■ **TRY IT**
Every line of the material below that holds the string "union" should be copied.

■ **RECORDS SUPPLIED**
text \<open>The \<open>n\<close>-th term of \<open>dirichlet_lambda s\<close> minus half the integral of \<open>t powr -s\<close> over
  \<open>[2n+1, 2n+3]\<close>, and its limit as \<open>s \<rightarrow> 1\<close>.\<close>
definition lambda_defect :: "nat \<Rightarrow> real \<Rightarrow> real" where
  "lambda_defect n s = 1 / (2 * real n + 1) powr s
     - ((2 * real n + 1) powr (1 - s) - (2 * real n + 3) powr (1 - s)) / (2 * (s - 1))"

definition lambda_defect_at_one :: "nat \<Rightarrow> real" where
  "lambda_defect_at_one n = 1 / (2 * real n + 1) - (ln (2 * real n + 3) - ln (2 * real n + 1)) / 2"

lemma norm_lambda_defect_le:
  assumes "s \<in> {1<..2}"
  shows "norm (lambda_defect n s) \<le> 4 / (2 * real n + 1)^2"
proof -
  have shift: "2 * real n + 1 + 2 = 2 * real n + 3"
    by simp
  have "1 / (2 * real n + 1) powr s = (2 * real n + 1) powr (-s)"
    by (simp add: powr_minus_divide)
  then show ?thesis
    using powr_minus_secant_bounds[of "2 * real n + 1" s, unfolded shift] assms
    unfolding lambda_defect_def by auto
qed

lemma summable_inverse_odd_squared: "summable (\<lambda>n. C / (2 * real n + 1)^2)"
proof (rule summable_comparison_test'[where N = 0])
  have "summable (\<lambda>n. inverse (real n ^ 2))"
    by (rule inverse_power_summable) simp
  then show "summable (\<lambda>n. \<bar>C\<bar> * inverse (real (Suc n) ^ 2))"
    by (subst summable_Suc_iff) (rule summable_mult)
  fix n :: nat
  have "real (Suc n) ^ 2 \<le> (2 * real n + 1)^2"
    by (intro power_mono) auto
  then show "norm (C / (2 * real n + 1)^2) \<le> \<bar>C\<bar> * inverse (real (Suc n) ^ 2)"
    by (simp add: divide_inverse abs_mult mult_left_mono le_imp_inverse_le)
qed

lemma sums_odd_powr_telescope:
  assumes "s > 1"
  shows "(\<lambda>n. ((2 * real n + 1) powr (1 - s) - (2 * real n + 3) powr (1 - s)) / (2 * (s - 1)))
           sums (1 / (2 * (s - 1)))"
proof -
  define g where "g n = (2 * real n + 1) powr (1 - s)" for n :: nat
  have "filterlim (\<lambda>n::nat. 2 * real n + 1) at_top sequentially"
    by (rule filterlim_at_top_mono[OF filterlim_real_sequentially]) auto
  then have "g \<longlonglongrightarrow> 0"
    unfolding g_def using assms by (intro tendsto_neg_powr) auto
  then have "(\<lambda>n. g n - g (Suc n)) sums (g 0 - 0)"
    by (rule telescope_sums')
  moreover have "g n - g (Suc n) = (2 * real n + 1) powr (1 - s) - (2 * real n + 3) powr (1 - s)" for n
    unfolding g_def by (simp add: algebra_simps)
  ultimately have "(\<lambda>n. (2 * real n + 1) powr (1 - s) - (2 * real n + 3) powr (1 - s)) sums 1"
    by (simp add: g_def)
  from sums_divide[OF this, of "2 * (s - 1)"] show ?thesis
    by simp
qed

lemma dirichlet_lambda_minus_pole:
  assumes "s > 1"
  shows "dirichlet_lambda s - 1 / (2 * (s - 1)) = (\<Sum>n. lambda_defect n s)"
proof -
  have "summable (\<lambda>n. 1 / (2 * real n + 1) powr s)"
    using summable_lambda_tail[of 1 s] assms by (simp add: powr_divide add.commute)
  then have "(\<lambda>n. 1 / (2 * real n + 1) powr s) sums dirichlet_lambda s"
    unfolding dirichlet_lambda_def by (rule summable_sums)
  from sums_diff[OF this sums_odd_powr_telescope[OF assms]] show ?thesis
    unfolding lambda_defect_def by (rule sums_unique)
qed

text \<open>At \<open>s = 1\<close> the difference quotient of \<open>t \<mapsto> (2n+1) powr (1-t) - (2n+3) powr (1-t)\<close>
  turns into its derivative \<open>ln (2n+3) - ln (2n+1)\<close>.\<close>
lemma tendsto_lambda_defect: "(lambda_defect n \<longlongrightarrow> lambda_defect_at_one n) (at 1 within S)"
proof -
  define a b where "a = 2 * real n + 1" and "b = 2 * real n + 3"
  have ab: "a > 0" "b > 0"
    by (auto simp: a_def b_def)
  define F where "F = (\<lambda>t. a powr (1 - t) - b powr (1 - t))"
  have deriv: "((\<lambda>t. c powr (1 - t)) has_real_derivative - ln c) (at 1 within S)" if "c > 0" for c :: real
  proof -
    have "((\<lambda>t. c powr (1 - t)) has_real_derivative c powr (1 - 1) * (- 1 * ln c + 0 * (1 - 1) / c)) (at 1)"
      by (rule DERIV_powr) (use that in \<open>auto intro!: derivative_eq_intros\<close>)
    then show ?thesis
      using that by (simp add: has_field_derivative_at_within)
  qed
  have "(F has_real_derivative ln b - ln a) (at 1 within S)"
    using DERIV_diff[OF deriv[OF ab(1)] deriv[OF ab(2)]] by (simp add: F_def)
  then have "((\<lambda>t. (F t - F 1) / (t - 1)) \<longlongrightarrow> ln b - ln a) (at 1 within S)"
    by (simp add: has_field_derivative_iff)
  then have "((\<lambda>t. 1 / a powr t - ((F t - F 1) / (t - 1)) / 2) \<longlongrightarrow> 1 / a powr 1 - (ln b - ln a) / 2)
      (at 1 within S)"
    using ab by (intro tendsto_intros) auto
  moreover have "(\<lambda>t. 1 / a powr t - ((F t - F 1) / (t - 1)) / 2) = lambda_defect n"
    by (auto simp: lambda_defect_def F_def a_def b_def)
  moreover have "1 / a powr 1 - (ln b - ln a) / 2 = lambda_defect_at_one n"
    using ab by (simp add: lambda_defect_at_one_def a_def b_def)
  ultimately show ?thesis
    by simp
qed
lemma card_heavy_revealed:
  assumes x: "x \<in> inputs n" and h: "consistent n h x"
  shows "card (heavy_revealed n h) * (n div 6 + 1) \<le> 8 * length h"
proof -
  let ?k = "n div 6" and ?L = "\<lambda>e. Inl (fst e) :: vert" and ?R = "\<lambda>e. Inr (snd e) :: vert"
  define E1 where "E1 = {e \<in> revealed n h. ?k < 2 * nbr_queries h (Inl (fst e))}"
  define E2 where "E2 = {e \<in> revealed n h. ?k < 2 * nbr_queries h (Inr (snd e))}"
  define E3 where "E3 = {e \<in> revealed n h. ?k < pair_queries h (Inl (fst e)) + pair_queries h (Inr (snd e))}"
  have sub: "E1 \<subseteq> fst x" "E2 \<subseteq> fst x" "E3 \<subseteq> fst x"
    using revealed_subset_matching[OF x h] by (auto simp: E1_def E2_def E3_def)
  note inj = inj_on_Inl_fst[OF inputs_matching[OF x]] inj_on_Inr_snd[OF inputs_matching[OF x]]
  have "card E1 * (?k + 1) \<le> sum (nbr_queries h) (?L ` E1) + sum (nbr_queries h) (?L ` E1)"
    using sub(1) inj by (intro card_mult_le_sum_endpoints) (auto simp: E1_def)
  then have E1: "card E1 * (?k + 1) \<le> 2 * length h"
    using sum_nbr_queries_le[of h "?L ` E1"] by linarith
  have "card E2 * (?k + 1) \<le> sum (nbr_queries h) (?R ` E2) + sum (nbr_queries h) (?R ` E2)"
    using sub(2) inj by (intro card_mult_le_sum_endpoints) (auto simp: E2_def)
  then have E2: "card E2 * (?k + 1) \<le> 2 * length h"
    using sum_nbr_queries_le[of h "?R ` E2"] by linarith
  have "card E3 * (?k + 1) \<le> sum (pair_queries h) (?L ` E3) + sum (pair_queries h) (?R ` E3)"
    using sub(3) inj by (intro card_mult_le_sum_endpoints) (auto simp: E3_def)
  then have E3: "card E3 * (?k + 1) \<le> 4 * length h"
    using sum_pair_queries_le[of h "?L ` E3"] sum_pair_queries_le[of h "?R ` E3"] by linarith
  have "heavy_revealed n h = E1 \<union> E2 \<union> E3"
    by (auto simp: heavy_revealed_def E1_def E2_def E3_def)
  then have "card (heavy_revealed n h) \<le> card E1 + card E2 + card E3"
    using card_Un_le[of "E1 \<union> E2" E3] card_Un_le[of E1 E2] by simp
  then have "card (heavy_revealed n h) * (?k + 1) \<le> (card E1 + card E2 + card E3) * (?k + 1)"
    by (rule mult_le_mono1)
  with E1 E2 E3 show ?thesis
    unfolding add_mult_distrib by linarith
qed

lemma new_revealed_heavy:
  assumes new: "e \<in> revealed_by n (next_query n alg x t, answer_of n x (next_query n alg x t))"
      "e \<notin> revealed n (history n alg x t)"
    and expensive: "\<not> cheap_step n alg x t" and few: "card (revealed n (history n alg x t)) \<le> n div 6"
  shows "e \<in> heavy_revealed n (history n alg x (Suc t))"
proof -
  let ?h = "history n alg x t" and ?q = "next_query n alg x t"
  let ?h' = "history n alg x (Suc t)"
  have h': "?h' = ?h @ [(?q, answer_of n x ?q)]"
    by (simp add: Let_def)
  have "reveals_new n alg x t"
    using new by (auto simp: reveals_new_def)
  then have "\<not> 2 * nbr_queries ?h v \<le> n div 6" if "?q = Q1 v p" for v p
    using expensive that by (auto simp: cheap_step_def cheap_nbr_step_def)
  moreover have "\<not> pair_queries ?h u + pair_queries ?h w \<le> n div 6" if "?q = Q2 u w" for u w
    using expensive that few \<open>reveals_new n alg x t\<close> by (auto simp: cheap_step_def cheap_pair_step_def)
  ultimately have heavy: "n div 6 < 2 * nbr_queries ?h (Inl (fst e)) \<or> n div 6 < 2 * nbr_queries ?h (Inr (snd e)) \<or>
      n div 6 < pair_queries ?h (Inl (fst e)) + pair_queries ?h (Inr (snd e))"
    using revealed_by_query[OF new(1)] by (metis add.commute not_le)
  have mono: "nbr_queries ?h v \<le> nbr_queries ?h' v" "pair_queries ?h v \<le> pair_queries ?h' v" for v
    unfolding h' by (rule nbr_queries_append_mono pair_queries_append_mono)+
  from heavy have "n div 6 < 2 * nbr_queries ?h' (Inl (fst e)) \<or> n div 6 < 2 * nbr_queries ?h' (Inr (snd e)) \<or>
      n div 6 < pair_queries ?h' (Inl (fst e)) + pair_queries ?h' (Inr (snd e))"
    using mono[of "Inl (fst e)"] mono[of "Inr (snd e)"] by (elim disjE; linarith)
  moreover have "e \<in> revealed n ?h'"
    using new(1) unfolding h' by simp
  ultimately show ?thesis
    by (simp add: heavy_revealed_def)
qed
lemma staircase_two:
  assumes "X \<subseteq> vecs n" "x \<in> X" "y \<in> X" "x \<noteq> y"
  shows "staircase n X 2"
proof -
  obtain i where i: "x i \<noteq> y i"
    using assms(4) by (auto simp: fun_eq_iff)
  then have "i < n"
    using assms(1-3) vecs_neq_imp_less by blast
  have "{1..<2::nat} = {1}"
    by auto
  then show ?thesis
    unfolding staircase_def using assms(2,3) i \<open>i < n\<close>
    by (intro exI[of _ "\<lambda>j. if j = 0 then x else y"] exI[of _ "\<lambda>_. i"]) auto
qed

lemma card_le_one_without_staircase_two:
  fixes X :: "(nat \<Rightarrow> 'a::{finite,zero}) set"
  assumes "X \<subseteq> vecs n" "\<not> staircase n X 2"
  shows "card X \<le> 1"
proof (rule ccontr)
  assume "\<not> card X \<le> 1"
  moreover have "finite X"
    using assms(1) finite_vecs by (rule finite_subset)
  ultimately obtain x y where "x \<in> X" "y \<in> X" "x \<noteq> y"
    using card_le_Suc0_iff_eq[of X] by auto
  then show False
    using staircase_two[OF assms(1)] assms(2) by blast
qed

lemma staircase_extend:
  assumes "staircase n {x\<in>X. x i = v} s" "1 \<le> s" "i < n" "w \<in> X" "w i \<noteq> v"
  shows "staircase n X (Suc s)"
proof -
  obtain a p where a: "\<forall>j<s. a j \<in> {x\<in>X. x i = v}"
    and p: "\<forall>j\<in>{1..<s}. p j < n \<and> a j (p j) \<noteq> a 0 (p j) \<and> (\<forall>j'\<in>{1..<j}. a j' (p j) = a 0 (p j))"
    using assms(1) unfolding staircase_def by blast
  have "a j i = v" if "j < s" for j
    using a that by auto
  then have "\<forall>j\<in>{1..<Suc s}. (p(s := i)) j < n \<and> (a(s := w)) j ((p(s := i)) j) \<noteq> (a(s := w)) 0 ((p(s := i)) j) \<and>
      (\<forall>j'\<in>{1..<j}. (a(s := w)) j' ((p(s := i)) j) = (a(s := w)) 0 ((p(s := i)) j))"
    using p assms(2,3,5) by (auto simp: less_Suc_eq)
  moreover have "\<forall>j<Suc s. (a(s := w)) j \<in> X"
    using a assms(4) by (auto simp: less_Suc_eq)
  ultimately show ?thesis
    unfolding staircase_def by blast
qed

lemma card_mult_le_by_fibre_bound:
  fixes X :: "(nat \<Rightarrow> 'a::{finite,zero}) set"
  assumes X: "X \<subseteq> vecs n" "x \<in> X" "y \<in> X" "x \<noteq> y"
    and agree: "\<And>x. x \<in> X \<Longrightarrow> t \<le> real (card {i\<in>{..<n}. x i \<in> S i})"
    and S: "\<And>i. i < n \<Longrightarrow> card (S i) \<le> l"
    and dist: "\<And>x y. x \<in> X \<Longrightarrow> y \<in> X \<Longrightarrow> x \<noteq> y \<Longrightarrow> real (card {i\<in>{..<n}. x i = y i}) \<le> z"
    and gap: "c * real n \<le> t - z"
    and fibre: "\<And>i v. i < n \<Longrightarrow> \<exists>u\<in>X. u i \<noteq> v \<Longrightarrow> real (card {u\<in>X. u i = v}) \<le> M"
    and "0 \<le> M"
  shows "real (card X) * c \<le> real l * M"
proof -
  obtain i0 where "x i0 \<noteq> y i0"
    using X(4) by (auto simp: fun_eq_iff)
  then have "i0 < n"
    using vecs_neq_imp_less[of x n y i0] X by blast
  then have "0 < n"
    by simp
  define Z where "Z = {i\<in>{..<n}. \<forall>u\<in>X. \<forall>v\<in>X. u i = v i}"
  have "Z \<subseteq> {i\<in>{..<n}. x i = y i}"
    using X unfolding Z_def by auto
  then have Z: "real (card Z) \<le> z"
    using card_mono[of "{i\<in>{..<n}. x i = y i}" Z] dist[OF X(2-4)] by simp
  have "real (card X) * (c * real n) \<le> real (card ({..<n} - Z)) * (real l * M)"
  proof (rule card_mult_le_double_counting[where P = "\<lambda>u i. u i \<in> S i"])
    show "finite X"
      using X(1) finite_vecs by (rule finite_subset)
    show "c * real n \<le> real (card {i\<in>{..<n} - Z. u i \<in> S i})" if "u \<in> X" for u
      using card_filter_le_card_diff_add[of "{..<n}" Z "\<lambda>i. u i \<in> S i"] agree[OF that] Z gap
      by (force simp: Z_def)
    show "real (card {u\<in>X. u i \<in> S i}) \<le> real l * M" if i: "i \<in> {..<n} - Z" for i
    proof -
      obtain u1 u2 where "u1 \<in> X" "u2 \<in> X" "u1 i \<noteq> u2 i"
        using i by (auto simp: Z_def)
      then have "\<exists>u\<in>X. u i \<noteq> v" for v
        by metis
      then have "real (card {u\<in>X. u i = v}) \<le> M" for v
        using i by (intro fibre) auto
      then have "real (card {u\<in>X. u i \<in> S i}) \<le> real (card (S i)) * M"
        by (intro card_preimage_le_by_fibres) auto
      also have "\<dots> \<le> real l * M"
        using S[of i] i \<open>0 \<le> M\<close> by (intro mult_right_mono) auto
      finally show ?thesis .
    qed
  qed simp
  also have "\<dots> \<le> real n * (real l * M)"
    using \<open>0 \<le> M\<close> card_mono[of "{..<n}" "{..<n} - Z"] by (intro mult_right_mono) auto
  finally have "real n * (real (card X) * c) \<le> real n * (real l * M)"
    by (simp add: algebra_simps)
  then show ?thesis
    using \<open>0 < n\<close> by (simp add: mult_le_cancel_left)
qed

■ **RESPONSE BOX**
  have "heavy_revealed n h = E1 \<union> E2 \<union> E3"
    using card_Un_le[of "E1 \<union> E2" E3] card_Un_le[of E1 E2] by simp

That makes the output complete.